The Association of Accounting Technicians (AAT) is the world’s leading professional body for Accounting Technicians, with over 150,000 members worldwide. 

AAT has 150,000 members according to official records from the Financial Reporting Council (FRC). 

This includes 2,500 licensed bookkeepers. It also includes over 5,000 AAT Licensed Accountants who provide accountancy, tax and business advisory services to more than 500,000 individuals, sole traders and small and medium sized British businesses. 

80% of the FTSE 100 employ an AAT apprentice within their finance function.

AAT was created  in 1980 by the Institute of Accounting Staff (then a subsidiary of ACCA) and the Association of Technicians in Finance and Accounting (then a subsidiary of CIPFA). It is a technician level qualification offering higher apprenticeships which entitles those who have completed the exams and obtained relevant supervised work experience to become an accounting technician.  The AAT is based at 140 Aldersgate Street, London but has 43 branches across the UK with representation in the rest of the world including Hong Kong, Botswana and South Africa.

Professional recognition 
The body was sponsored by four UK chartered accountancy bodies; CIPFA, ICAEW, CIMA and ICAS from 1980 until May 2017. After this date, ICAEW, CIPFA, CIMA and ICAS no longer participated in AAT’s governance structure and AAT took the decision to bring their sponsoring body partnerships to a close.

A strong relationship remains between AAT and its former sponsoring bodies, albeit on a more operational basis, with exemptions for the chartered qualifications remaining at the heart of those relationships.

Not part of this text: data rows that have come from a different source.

text \<open>With \<open>X = p^k\<close> and \<open>Y = p^N\<close>, \<open>r1\<close> and \<open>r2\<close> below are the ratios of the Jackson terms at
  \<open>(N, k + 1)\<close> and \<open>(N + 1, k + 1)\<close> to the term at \<open>(N, k)\<close>, and \<open>\<rho>\<close> is the ratio of the sums for
  \<open>N + 1\<close> and \<open>N\<close>; the right-hand side is the difference of two consecutive certificate terms.\<close>

lemma jackson_certificate_identity:
  fixes X Y a c p :: "'a::field"
  assumes "1 - a*X^2 \<noteq> 0" "1 - p*X \<noteq> 0" "c - a*p*X \<noteq> 0" "1 - a*p*Y*X \<noteq> 0" "1 - a*p^2*Y*X \<noteq> 0"
    "c - a*p*Y \<noteq> 0" "1 - p*Y \<noteq> 0" "c - p*Y \<noteq> 0" "1 - a*p^2*X^2 \<noteq> 0"
  defines "\<rho> \<equiv> (1 - a*p*Y) * (c - p*Y) / ((c - a*p*Y) * (1 - p*Y))"
  defines "r1 \<equiv> (1 - a*p^2*X^2) * (1 - a*X)^2 * (1 - c*X) * (Y - X) * p
      / ((1 - a*X^2) * (1 - p*X)^2 * (c - a*p*X) * (1 - a*p*Y*X))"
  defines "r2 \<equiv> (1 - a*p^2*X^2) * (1 - a*X)^2 * (1 - c*X) * (p*Y - 1) * X * p * (1 - a*p*Y)
      / ((1 - a*X^2) * (1 - p*X)^2 * (c - a*p*X) * (1 - a*p*Y*X) * (1 - a*p^2*Y*X))"
  shows "r2 - \<rho> * r1
    = r1 * (\<rho> * (p*Y) / (c - p*Y) * (1 - a*p*X)^2 * (1 - c*p*X) / ((1 - a*p^2*X^2) * (1 - a*p^2*Y*X)))
      - \<rho> * (p*Y) / (c - p*Y) * (1 - a*X)^2 * (1 - c*X) / ((1 - a*X^2) * (1 - a*p*Y*X))"
proof -
  define D where "D = (1 - a*X^2) * (1 - p*X)^2 * (c - a*p*X) * (1 - a*p*Y*X) * (1 - a*p^2*Y*X)
    * (c - a*p*Y) * (1 - p*Y)"
  define V where "V = (1 - a*X)^2 * (1 - c*X) * (1 - a*p*Y)"
  have "r2 = V * ((1 - a*p^2*X^2) * (p*Y - 1) * X * p * (c - a*p*Y) * (1 - p*Y)) / D"
    unfolding r2_def V_def D_def using assms(1-8) by (simp add: divide_simps)
  moreover have "\<rho> * r1 = V * ((c - p*Y) * (1 - a*p^2*X^2) * (Y - X) * p * (1 - a*p^2*Y*X)) / D"
    unfolding r1_def \<rho>_def V_def D_def using assms(1-8) by (simp add: divide_simps)
  moreover have "r1 * (\<rho> * (p*Y) / (c - p*Y) * (1 - a*p*X)^2 * (1 - c*p*X)
        / ((1 - a*p^2*X^2) * (1 - a*p^2*Y*X)))
      = V * (p*Y * (Y - X) * p * (1 - a*p*X)^2 * (1 - c*p*X)) / D"
    unfolding r1_def \<rho>_def V_def D_def using assms by (simp add: divide_simps)
  moreover have "\<rho> * (p*Y) / (c - p*Y) * (1 - a*X)^2 * (1 - c*X) / ((1 - a*X^2) * (1 - a*p*Y*X))
      = V * (p*Y * (1 - p*X)^2 * (c - a*p*X) * (1 - a*p^2*Y*X)) / D"
    unfolding \<rho>_def V_def D_def using assms by (simp add: divide_simps)
  moreover have "(1 - a*p^2*X^2) * (p*Y - 1) * X * p * (c - a*p*Y) * (1 - p*Y)
      - (c - p*Y) * (1 - a*p^2*X^2) * (Y - X) * p * (1 - a*p^2*Y*X)
    = p*Y * (Y - X) * p * (1 - a*p*X)^2 * (1 - c*p*X) - p*Y * (1 - p*X)^2 * (c - a*p*X) * (1 - a*p^2*Y*X)"
    by (simp add: algebra_simps power2_eq_square)
  ultimately show ?thesis
    by (simp add: diff_divide_distrib[symmetric] right_diff_distrib[symmetric])
qed

text \<open>The \<open>k\<close>-th term of the terminating very-well-poised series
  \<open>\<Sum>k. (1 - a p^2k)/(1 - a) (a, a, c, p^-N; p)_k / (p, p, a p/c, a p^(N+1); p)_k (p^(N+1)/c)^k\<close>.\<close>

definition jackson_term :: "'a::field \<Rightarrow> 'a \<Rightarrow> 'a \<Rightarrow> nat \<Rightarrow> nat \<Rightarrow> 'a" where
  "jackson_term p a c N k =
     (1 - a * p ^ (2 * k)) / (1 - a) * q_pochhammer a p k ^ 2 * q_pochhammer c p k * q_falling p N k
     / (q_pochhammer p p k ^ 2 * q_pochhammer (a * p / c) p k * q_pochhammer (a * p ^ (N + 1)) p k)
     * (p / c) ^ k"

lemma jackson_term_eq_0: "N < k \<Longrightarrow> jackson_term p a c N k = 0"
  by (simp add: jackson_term_def q_falling_eq_0)

definition jackson_value :: "'a::field \<Rightarrow> 'a \<Rightarrow> 'a \<Rightarrow> nat \<Rightarrow> 'a" where
  "jackson_value p a c N = q_pochhammer (a * p) p N * q_pochhammer (p / c) p N
     / (q_pochhammer (a * p / c) p N * q_pochhammer p p N)"

locale jackson_nondegenerate =
  fixes p a c :: "'a::field"
  assumes c_nonzero: "c \<noteq> 0"
    and power_ne_1: "\<And>i. 0 < i \<Longrightarrow> p ^ i \<noteq> 1"
    and a_power_ne_1: "\<And>i. a * p ^ i \<noteq> 1"
    and a_power_ne_c: "\<And>i. 0 < i \<Longrightarrow> a * p ^ i \<noteq> c"
    and power_ne_c: "\<And>i. 0 < i \<Longrightarrow> p ^ i \<noteq> c"
begin

definition ratio :: "nat \<Rightarrow> 'a" where
  "ratio N = (1 - a*p*p^N) * (c - p*p^N) / ((c - a*p*p^N) * (1 - p*p^N))"

definition certificate :: "nat \<Rightarrow> nat \<Rightarrow> 'a" where
  "certificate N k = (case k of 0 \<Rightarrow> 0 | Suc m \<Rightarrow>
     jackson_term p a c N m * (ratio N * (p*p^N) / (c - p*p^N) * (1 - a*p^m)^2 * (1 - c*p^m)
       / ((1 - a*(p^m)^2) * (1 - a*p*p^N*p^m))))"

lemma one_minus_a_nonzero: "1 - a \<noteq> 0"
  using a_power_ne_1[of 0] by simp

lemma power_double: "p ^ (2 * k) = (p ^ k)\<^sup>2"
  by (simp flip: power_mult add: mult.commute)

lemma factors_nonzero:
  "1 - a * (p^k)^2 \<noteq> 0" "1 - a * p^2 * (p^k)^2 \<noteq> 0" "1 - p * p^k \<noteq> 0" "c - a * p * p^k \<noteq> 0"
  "1 - a * p * p^N * p^k \<noteq> 0" "1 - a * p^2 * p^N * p^k \<noteq> 0"
  "1 - a * p * p^N \<noteq> 0" "c - a * p * p^N \<noteq> 0" "1 - p * p^N \<noteq> 0" "c - p * p^N \<noteq> 0"
  using a_power_ne_1[of "2 * k", unfolded power_double]
    a_power_ne_1[of "2 * Suc k", unfolded power_double] power_ne_1[of "Suc k"]
    a_power_ne_c[of "Suc k"] a_power_ne_1[of "Suc (N + k)"] a_power_ne_1[of "Suc (Suc (N + k))"]
    a_power_ne_1[of "Suc N"] a_power_ne_c[of "Suc N"] power_ne_1[of "Suc N"] power_ne_c[of "Suc N"]
  by (simp_all add: power_add power_mult_distrib power2_eq_square mult_ac)

lemma jackson_value_Suc: "jackson_value p a c (Suc N) = ratio N * jackson_value p a c N"
proof -
  have "jackson_value p a c (Suc N) = jackson_value p a c N
      * ((1 - a * p * p ^ N) * (1 - p / c * p ^ N) / ((1 - a * p / c * p ^ N) * (1 - p * p ^ N)))"
    unfolding jackson_value_def q_pochhammer_Suc by (simp add: ac_simps times_divide_times_eq)
  also have "(1 - a * p * p ^ N) * (1 - p / c * p ^ N) / ((1 - a * p / c * p ^ N) * (1 - p * p ^ N))
      = ratio N"
    using c_nonzero factors_nonzero(8,9) by (simp add: ratio_def divide_simps)
  finally show ?thesis
    by (simp only: mult.commute)
qed

lemma q_pochhammer_p_nonzero: "q_pochhammer p p k \<noteq> 0"
  by (rule q_pochhammer_nonzero) (use power_ne_1[of "Suc _"] in auto)

lemma q_pochhammer_a_p_div_c_nonzero: "q_pochhammer (a * p / c) p k \<noteq> 0"
proof (rule q_pochhammer_nonzero)
  fix j
  show "a * p / c * p ^ j \<noteq> 1"
    using a_power_ne_c[of "Suc j"] c_nonzero by (simp add: field_simps)
qed

lemma q_pochhammer_a_power_nonzero: "q_pochhammer (a * p ^ M) p k \<noteq> 0"
  by (rule q_pochhammer_nonzero) (use a_power_ne_1 in \<open>simp add: mult.assoc power_add[symmetric]\<close>)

The AAT became a full member of the International Federation of Accountants (IFAC) in 2012.

Versus CAT 
Association of Chartered Certified Accountants (ACCA) used to be a sponsor of the AAT but broke away in order to form a rival qualification called the Certified Accounting Technician (CAT) award. The ACCA implemented this policy as it wanted a technician level qualification that offered accountancy apprenticeships based on the same business model as itself.

In Scotland 
The Institute of Chartered Accountants in Scotland is also keen to implement AAT courses into its own business model. It presently has no plans to develop an ICAS technician qualification in direct competition with the AAT's UK model as proposed in the late 1990s..

In South Africa 
The South African Institute of Chartered Accountants decided to sponsor the AAT program offering higher apprenticeship accounting courses and it has expanded since 2011. AAT(SA) has no signatory powers for any of its South African members, this is because there is not sufficient audit content within the qualification offered. SAICA and AAT are working towards gaining authority in a number of other areas, such as Commissioner of Oaths and review status. This sort of authority does take time to approve and the new South African Company Legislation is not yet finalised.

Examinations 
Since 2010 every level of the AAT qualification has a number of modules, each of which culminate in a computer based assessment.

Qualifications 
The AAT Intermediate Level 3 qualification or Level 6 in Scotland, is approved for the University entrance system with a value of 160 UCAS tariff points.  This is also included in the KS5 performance tables. The final AAT qualification, the AAT Advanced Level is equivalent to QCF Level 4 and SCQF Level 8.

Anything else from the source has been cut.